[Source records]
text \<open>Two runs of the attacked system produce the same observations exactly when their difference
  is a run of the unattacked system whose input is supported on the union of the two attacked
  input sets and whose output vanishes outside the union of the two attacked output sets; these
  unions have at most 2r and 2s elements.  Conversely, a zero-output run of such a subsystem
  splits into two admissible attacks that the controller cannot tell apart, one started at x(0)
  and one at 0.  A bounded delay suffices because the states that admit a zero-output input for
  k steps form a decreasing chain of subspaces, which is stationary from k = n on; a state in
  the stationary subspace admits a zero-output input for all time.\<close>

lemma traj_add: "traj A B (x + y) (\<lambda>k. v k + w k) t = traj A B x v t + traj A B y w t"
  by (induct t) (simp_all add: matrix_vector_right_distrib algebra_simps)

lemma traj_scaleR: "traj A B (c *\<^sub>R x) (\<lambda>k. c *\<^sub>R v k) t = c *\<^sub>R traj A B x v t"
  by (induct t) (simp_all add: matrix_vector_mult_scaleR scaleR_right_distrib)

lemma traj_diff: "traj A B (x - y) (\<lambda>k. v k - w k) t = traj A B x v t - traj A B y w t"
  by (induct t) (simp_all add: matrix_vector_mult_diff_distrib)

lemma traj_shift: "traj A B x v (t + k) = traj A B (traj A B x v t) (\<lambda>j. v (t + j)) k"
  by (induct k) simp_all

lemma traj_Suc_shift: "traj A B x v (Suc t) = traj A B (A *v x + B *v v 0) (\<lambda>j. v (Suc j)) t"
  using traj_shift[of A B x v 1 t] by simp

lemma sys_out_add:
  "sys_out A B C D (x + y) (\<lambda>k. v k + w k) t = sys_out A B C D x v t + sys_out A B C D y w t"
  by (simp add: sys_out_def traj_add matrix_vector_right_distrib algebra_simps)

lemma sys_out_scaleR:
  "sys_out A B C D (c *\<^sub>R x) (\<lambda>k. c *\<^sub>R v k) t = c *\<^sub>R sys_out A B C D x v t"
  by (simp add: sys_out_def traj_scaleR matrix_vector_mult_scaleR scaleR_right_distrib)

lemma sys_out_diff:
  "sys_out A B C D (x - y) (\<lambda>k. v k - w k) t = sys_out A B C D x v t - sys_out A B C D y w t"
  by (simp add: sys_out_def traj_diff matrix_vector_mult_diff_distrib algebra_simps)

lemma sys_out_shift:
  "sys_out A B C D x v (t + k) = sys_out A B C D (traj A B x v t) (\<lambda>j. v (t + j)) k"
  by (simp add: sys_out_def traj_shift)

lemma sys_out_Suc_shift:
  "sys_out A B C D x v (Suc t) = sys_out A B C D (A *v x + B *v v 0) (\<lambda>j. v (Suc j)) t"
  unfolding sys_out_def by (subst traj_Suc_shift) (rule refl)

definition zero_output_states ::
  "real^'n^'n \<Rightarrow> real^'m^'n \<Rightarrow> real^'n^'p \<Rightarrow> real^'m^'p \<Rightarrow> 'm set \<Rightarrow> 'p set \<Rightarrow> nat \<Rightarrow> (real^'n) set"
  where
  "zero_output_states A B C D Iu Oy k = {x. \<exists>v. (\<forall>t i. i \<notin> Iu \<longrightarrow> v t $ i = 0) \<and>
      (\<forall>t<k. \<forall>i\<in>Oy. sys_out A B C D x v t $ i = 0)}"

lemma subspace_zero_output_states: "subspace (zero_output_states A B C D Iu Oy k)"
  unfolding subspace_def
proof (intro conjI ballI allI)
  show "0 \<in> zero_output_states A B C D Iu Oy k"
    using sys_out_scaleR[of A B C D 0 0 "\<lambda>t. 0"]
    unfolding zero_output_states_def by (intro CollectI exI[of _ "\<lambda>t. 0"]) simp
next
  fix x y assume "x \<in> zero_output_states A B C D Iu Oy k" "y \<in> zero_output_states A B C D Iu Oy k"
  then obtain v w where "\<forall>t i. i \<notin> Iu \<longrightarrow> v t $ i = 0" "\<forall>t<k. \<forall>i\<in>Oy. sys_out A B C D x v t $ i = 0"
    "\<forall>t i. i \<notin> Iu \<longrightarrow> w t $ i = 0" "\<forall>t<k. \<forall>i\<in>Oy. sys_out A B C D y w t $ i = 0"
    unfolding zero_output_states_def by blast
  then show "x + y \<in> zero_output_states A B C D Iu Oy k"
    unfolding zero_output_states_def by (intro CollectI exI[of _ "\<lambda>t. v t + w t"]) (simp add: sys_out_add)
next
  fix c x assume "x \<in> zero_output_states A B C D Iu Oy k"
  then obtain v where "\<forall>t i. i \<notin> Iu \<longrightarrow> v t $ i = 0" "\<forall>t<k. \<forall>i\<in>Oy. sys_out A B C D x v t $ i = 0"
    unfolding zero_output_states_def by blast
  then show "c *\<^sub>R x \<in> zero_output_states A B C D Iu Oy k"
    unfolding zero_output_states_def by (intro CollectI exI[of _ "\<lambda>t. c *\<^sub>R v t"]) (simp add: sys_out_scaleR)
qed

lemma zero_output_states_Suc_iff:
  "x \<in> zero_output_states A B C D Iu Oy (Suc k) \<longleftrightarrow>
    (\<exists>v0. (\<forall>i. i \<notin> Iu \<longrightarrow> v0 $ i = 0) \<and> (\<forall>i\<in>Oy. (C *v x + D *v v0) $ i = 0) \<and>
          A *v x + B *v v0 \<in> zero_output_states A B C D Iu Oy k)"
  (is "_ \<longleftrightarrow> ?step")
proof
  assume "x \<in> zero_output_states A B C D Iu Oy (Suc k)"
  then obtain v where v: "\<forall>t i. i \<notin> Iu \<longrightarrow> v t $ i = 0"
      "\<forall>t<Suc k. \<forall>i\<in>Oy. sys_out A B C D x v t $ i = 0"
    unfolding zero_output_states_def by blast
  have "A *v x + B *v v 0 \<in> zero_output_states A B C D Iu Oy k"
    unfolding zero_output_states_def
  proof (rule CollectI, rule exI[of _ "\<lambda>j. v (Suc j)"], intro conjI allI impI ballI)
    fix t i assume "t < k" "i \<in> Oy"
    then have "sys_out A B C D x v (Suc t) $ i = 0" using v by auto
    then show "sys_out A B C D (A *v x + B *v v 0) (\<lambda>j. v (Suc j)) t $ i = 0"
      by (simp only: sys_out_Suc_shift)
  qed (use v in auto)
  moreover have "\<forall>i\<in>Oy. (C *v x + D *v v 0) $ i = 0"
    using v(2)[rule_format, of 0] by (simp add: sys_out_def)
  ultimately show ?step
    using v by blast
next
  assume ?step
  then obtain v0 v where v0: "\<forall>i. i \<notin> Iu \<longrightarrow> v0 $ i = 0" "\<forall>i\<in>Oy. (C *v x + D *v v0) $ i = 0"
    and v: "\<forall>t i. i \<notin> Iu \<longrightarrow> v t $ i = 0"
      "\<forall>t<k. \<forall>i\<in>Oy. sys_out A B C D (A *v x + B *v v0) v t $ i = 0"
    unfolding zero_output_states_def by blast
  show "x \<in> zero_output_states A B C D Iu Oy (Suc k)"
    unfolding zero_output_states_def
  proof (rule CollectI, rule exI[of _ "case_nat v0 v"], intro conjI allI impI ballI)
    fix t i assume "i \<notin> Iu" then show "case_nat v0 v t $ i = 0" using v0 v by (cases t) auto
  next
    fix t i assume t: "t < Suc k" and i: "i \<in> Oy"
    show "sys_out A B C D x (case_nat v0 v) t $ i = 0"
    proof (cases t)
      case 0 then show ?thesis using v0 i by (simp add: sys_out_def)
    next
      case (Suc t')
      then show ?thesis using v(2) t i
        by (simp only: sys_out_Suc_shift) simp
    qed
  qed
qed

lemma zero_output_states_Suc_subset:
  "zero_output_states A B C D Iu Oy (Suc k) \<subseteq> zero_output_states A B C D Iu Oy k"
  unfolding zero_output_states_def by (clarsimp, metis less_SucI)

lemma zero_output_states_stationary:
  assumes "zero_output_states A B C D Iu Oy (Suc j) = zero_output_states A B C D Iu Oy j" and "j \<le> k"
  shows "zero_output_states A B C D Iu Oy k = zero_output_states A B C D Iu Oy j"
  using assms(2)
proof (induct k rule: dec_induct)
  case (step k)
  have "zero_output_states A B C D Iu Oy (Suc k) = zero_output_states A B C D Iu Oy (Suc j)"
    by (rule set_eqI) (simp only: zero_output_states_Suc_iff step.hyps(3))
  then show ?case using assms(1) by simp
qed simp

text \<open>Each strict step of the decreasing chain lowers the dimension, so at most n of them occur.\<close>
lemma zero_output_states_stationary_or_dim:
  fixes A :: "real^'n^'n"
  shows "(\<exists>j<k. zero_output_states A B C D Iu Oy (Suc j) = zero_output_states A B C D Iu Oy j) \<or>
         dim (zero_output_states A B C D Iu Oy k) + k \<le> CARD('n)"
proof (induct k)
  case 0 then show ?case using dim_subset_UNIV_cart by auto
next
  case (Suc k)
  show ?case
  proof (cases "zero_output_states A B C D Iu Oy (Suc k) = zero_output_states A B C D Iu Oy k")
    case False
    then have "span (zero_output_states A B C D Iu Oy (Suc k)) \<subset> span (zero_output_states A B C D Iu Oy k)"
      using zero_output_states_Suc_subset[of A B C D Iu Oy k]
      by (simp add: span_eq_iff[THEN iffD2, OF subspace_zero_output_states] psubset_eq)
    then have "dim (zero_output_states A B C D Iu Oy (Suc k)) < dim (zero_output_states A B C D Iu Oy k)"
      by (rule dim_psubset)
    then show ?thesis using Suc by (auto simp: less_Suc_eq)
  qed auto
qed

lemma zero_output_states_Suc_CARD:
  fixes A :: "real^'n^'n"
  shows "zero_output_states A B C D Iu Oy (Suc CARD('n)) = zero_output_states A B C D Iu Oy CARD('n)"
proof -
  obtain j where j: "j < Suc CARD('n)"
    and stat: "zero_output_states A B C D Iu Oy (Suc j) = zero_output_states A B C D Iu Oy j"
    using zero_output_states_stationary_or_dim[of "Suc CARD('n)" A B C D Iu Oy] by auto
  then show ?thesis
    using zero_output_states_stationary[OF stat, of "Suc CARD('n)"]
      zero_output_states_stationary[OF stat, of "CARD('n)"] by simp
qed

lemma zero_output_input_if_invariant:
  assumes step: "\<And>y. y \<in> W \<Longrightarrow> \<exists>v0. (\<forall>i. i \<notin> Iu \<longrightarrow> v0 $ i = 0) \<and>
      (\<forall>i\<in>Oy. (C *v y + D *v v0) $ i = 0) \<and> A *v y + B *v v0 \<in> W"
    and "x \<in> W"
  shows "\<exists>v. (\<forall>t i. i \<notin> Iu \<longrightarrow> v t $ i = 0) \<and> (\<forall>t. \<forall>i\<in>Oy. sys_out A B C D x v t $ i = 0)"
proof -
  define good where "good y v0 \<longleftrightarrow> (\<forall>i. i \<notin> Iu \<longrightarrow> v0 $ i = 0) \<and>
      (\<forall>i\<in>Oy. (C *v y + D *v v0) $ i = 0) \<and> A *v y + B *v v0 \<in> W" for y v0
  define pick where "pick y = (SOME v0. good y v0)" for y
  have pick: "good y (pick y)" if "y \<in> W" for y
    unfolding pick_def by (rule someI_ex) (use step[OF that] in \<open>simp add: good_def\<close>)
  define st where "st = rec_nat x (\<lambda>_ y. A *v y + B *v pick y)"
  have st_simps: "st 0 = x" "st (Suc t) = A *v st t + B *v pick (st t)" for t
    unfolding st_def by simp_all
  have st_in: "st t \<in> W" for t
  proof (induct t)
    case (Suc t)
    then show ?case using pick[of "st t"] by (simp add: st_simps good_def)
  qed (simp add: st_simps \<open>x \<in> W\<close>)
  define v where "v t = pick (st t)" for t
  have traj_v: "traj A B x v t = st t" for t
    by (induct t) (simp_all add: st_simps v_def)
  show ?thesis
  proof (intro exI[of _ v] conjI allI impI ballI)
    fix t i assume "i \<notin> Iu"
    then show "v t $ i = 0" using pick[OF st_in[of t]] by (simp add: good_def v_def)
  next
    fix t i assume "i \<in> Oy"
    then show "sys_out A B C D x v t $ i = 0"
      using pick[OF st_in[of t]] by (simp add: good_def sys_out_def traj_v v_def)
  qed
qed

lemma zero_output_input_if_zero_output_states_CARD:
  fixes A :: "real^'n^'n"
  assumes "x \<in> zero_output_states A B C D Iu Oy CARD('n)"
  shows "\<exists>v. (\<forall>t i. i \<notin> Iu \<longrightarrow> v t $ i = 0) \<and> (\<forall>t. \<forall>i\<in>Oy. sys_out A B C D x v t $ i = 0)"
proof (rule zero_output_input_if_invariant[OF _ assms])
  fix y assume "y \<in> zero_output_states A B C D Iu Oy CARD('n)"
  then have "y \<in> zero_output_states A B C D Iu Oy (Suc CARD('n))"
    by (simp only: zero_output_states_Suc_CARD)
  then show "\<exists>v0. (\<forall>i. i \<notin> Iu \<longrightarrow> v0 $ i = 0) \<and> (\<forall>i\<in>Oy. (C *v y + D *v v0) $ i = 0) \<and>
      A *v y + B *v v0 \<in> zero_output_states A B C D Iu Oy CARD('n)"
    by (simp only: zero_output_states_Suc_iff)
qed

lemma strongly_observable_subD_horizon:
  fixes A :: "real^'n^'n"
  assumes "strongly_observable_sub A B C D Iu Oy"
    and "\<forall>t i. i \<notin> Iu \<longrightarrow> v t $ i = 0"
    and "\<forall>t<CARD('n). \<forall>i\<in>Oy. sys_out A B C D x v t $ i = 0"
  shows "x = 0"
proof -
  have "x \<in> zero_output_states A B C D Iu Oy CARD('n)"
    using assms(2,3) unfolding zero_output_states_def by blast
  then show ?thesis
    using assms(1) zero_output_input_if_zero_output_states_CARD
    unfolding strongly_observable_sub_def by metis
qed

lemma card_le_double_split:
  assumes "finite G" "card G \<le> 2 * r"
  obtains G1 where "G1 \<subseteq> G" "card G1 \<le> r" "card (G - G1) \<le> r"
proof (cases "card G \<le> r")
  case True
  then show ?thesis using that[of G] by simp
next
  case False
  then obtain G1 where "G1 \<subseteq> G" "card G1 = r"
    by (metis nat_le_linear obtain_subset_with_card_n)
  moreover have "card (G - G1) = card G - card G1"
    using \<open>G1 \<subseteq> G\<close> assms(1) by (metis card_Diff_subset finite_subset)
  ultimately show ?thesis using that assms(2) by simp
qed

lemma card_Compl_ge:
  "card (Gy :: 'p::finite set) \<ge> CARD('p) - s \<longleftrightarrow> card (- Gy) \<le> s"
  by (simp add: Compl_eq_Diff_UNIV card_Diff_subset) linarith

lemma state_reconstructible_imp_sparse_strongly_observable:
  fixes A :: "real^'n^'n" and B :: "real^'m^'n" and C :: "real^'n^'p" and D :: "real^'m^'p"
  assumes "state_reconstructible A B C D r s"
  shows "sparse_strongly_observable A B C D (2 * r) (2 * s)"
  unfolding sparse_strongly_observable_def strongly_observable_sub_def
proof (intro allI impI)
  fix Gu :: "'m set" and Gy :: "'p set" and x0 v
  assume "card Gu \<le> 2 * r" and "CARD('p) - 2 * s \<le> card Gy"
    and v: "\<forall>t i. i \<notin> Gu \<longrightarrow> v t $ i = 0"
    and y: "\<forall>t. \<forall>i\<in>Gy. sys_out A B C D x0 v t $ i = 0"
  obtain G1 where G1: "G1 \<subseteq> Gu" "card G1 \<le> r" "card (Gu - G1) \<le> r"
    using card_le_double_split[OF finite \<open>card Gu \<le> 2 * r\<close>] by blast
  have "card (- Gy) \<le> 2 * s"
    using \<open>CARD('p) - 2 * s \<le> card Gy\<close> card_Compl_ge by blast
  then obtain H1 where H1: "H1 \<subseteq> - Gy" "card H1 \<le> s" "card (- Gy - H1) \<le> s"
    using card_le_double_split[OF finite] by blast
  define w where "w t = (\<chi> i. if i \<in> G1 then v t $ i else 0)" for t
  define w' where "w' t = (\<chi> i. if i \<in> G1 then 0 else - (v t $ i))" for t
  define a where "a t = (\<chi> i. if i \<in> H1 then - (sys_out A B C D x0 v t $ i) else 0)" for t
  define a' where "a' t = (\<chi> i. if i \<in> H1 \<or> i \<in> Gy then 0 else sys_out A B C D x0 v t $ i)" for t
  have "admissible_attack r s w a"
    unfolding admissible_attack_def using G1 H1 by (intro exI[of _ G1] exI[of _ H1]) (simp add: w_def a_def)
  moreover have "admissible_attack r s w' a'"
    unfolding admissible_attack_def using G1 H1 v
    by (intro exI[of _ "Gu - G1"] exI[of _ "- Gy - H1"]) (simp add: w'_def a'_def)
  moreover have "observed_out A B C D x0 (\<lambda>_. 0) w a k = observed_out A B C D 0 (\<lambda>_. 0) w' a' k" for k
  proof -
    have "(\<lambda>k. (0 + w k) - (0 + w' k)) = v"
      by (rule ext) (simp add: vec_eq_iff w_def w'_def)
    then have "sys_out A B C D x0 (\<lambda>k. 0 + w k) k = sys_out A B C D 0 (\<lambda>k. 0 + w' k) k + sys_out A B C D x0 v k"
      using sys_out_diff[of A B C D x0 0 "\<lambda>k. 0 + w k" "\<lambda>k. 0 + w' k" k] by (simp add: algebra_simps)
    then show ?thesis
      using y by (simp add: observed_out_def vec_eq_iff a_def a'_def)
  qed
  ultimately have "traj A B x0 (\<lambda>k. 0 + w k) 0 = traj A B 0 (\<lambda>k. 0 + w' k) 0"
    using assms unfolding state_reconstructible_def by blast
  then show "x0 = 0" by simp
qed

Exercise directions> All lines of the entries above where "else" turns up should be reported.

Answer to this exercise>
  define w where "w t = (\<chi> i. if i \<in> G1 then v t $ i else 0)" for t
  define w' where "w' t = (\<chi> i. if i \<in> G1 then 0 else - (v t $ i))" for t
  define a where "a t = (\<chi> i. if i \<in> H1 then - (sys_out A B C D x0 v t $ i) else 0)" for t
  define a' where "a' t = (\<chi> i. if i \<in> H1 \<or> i \<in> Gy then 0 else sys_out A B C D x0 v t $ i)" for t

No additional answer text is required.